For each non-empty cell, if the number already exists in any corresponding set, the board is invalid; otherwise, the number is added to the appropriate sets.
If all checks pass for every cell, the board is valid.

class Solution:
    def isValidSudoku(self, board: List[List[str]]) -> bool:
        # Track seen values in rows, columns, and 3x3 sub-sudoku boxes
        row_map = collections.defaultdict(set)  # row index -> values set
        col_map = collections.defaultdict(set)  # col index -> values set
        sub_sudoku_map = collections.defaultdict(set) # (row // 3, col // 3) -> values set

        for row in range(9):
            for col in range(9):
                value = board[row][col]
                if value == '.':
                    continue
                if (value in row_map[row] or 
                      value in col_map[col] or
                      value in sub_sudoku_map[(row // 3, col // 3)]):
                      return False
                row_map[row].add(value)
                col_map[col].add(value)
                sub_sudoku_map[(row // 3, col // 3)].add(value)
        return True

Complexity Analysis

Here, the size of the Sudoku board is 9×9.

  • Time Complexity: O(1)
    The board has a fixed size of 9×9 (81 cells). Each cell is visited exactly once, and all set operations (check and add) take constant time. Therefore, the time complexity is O(81) = O(1).
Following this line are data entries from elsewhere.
lemma barycentre_nonneg: "0 \<le> barycentre A z"
  by (simp add: barycentre_def)

lemma barycentre_nonzero_iff: "finite A \<Longrightarrow> barycentre A z \<noteq> 0 \<longleftrightarrow> z \<in> A"
  by (auto simp: barycentre_def card_gt_0_iff)

lemma inj_on_barycentre: "inj_on barycentre {A. finite A}"
proof (rule inj_onI)
  fix A B :: "'v set"
  assume "A \<in> {A. finite A}" "B \<in> {A. finite A}" "barycentre A = barycentre B"
  then show "A = B" using barycentre_nonzero_iff by (metis mem_Collect_eq set_eqI)
qed

lemma barycentre_in_face_simplex_iff:
  assumes "finite A" "A \<noteq> {}" "finite \<sigma>"
  shows "barycentre A \<in> face_simplex \<sigma> \<longleftrightarrow> A \<subseteq> \<sigma>"
proof
  assume "barycentre A \<in> face_simplex \<sigma>"
  then show "A \<subseteq> \<sigma>" using barycentre_nonzero_iff[OF assms(1)] by (auto simp: face_simplex_def)
next
  assume "A \<subseteq> \<sigma>"
  then have "sum (barycentre A) \<sigma> = sum (barycentre A) A"
    using assms(3) by (intro sum.mono_neutral_right) (auto simp: barycentre_def)
  also have "\<dots> = 1" using assms(1,2) by (simp add: barycentre_def)
  finally show "barycentre A \<in> face_simplex \<sigma>"
    using \<open>A \<subseteq> \<sigma>\<close> by (auto simp: face_simplex_def barycentre_def)
qed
  • Space Complexity: O(1) In the worst case, the three maps (rows, columns, sub-sudokus) store at most 81 numbers each.
    Since the board size is fixed, the total space used does not scale with input.

Note:
For a general N×N board, both time and space complexities would scale as O(N²).
However, when N is a fixed number (like 9 for a standard Sudoku), both complexities are effectively constant, O(1).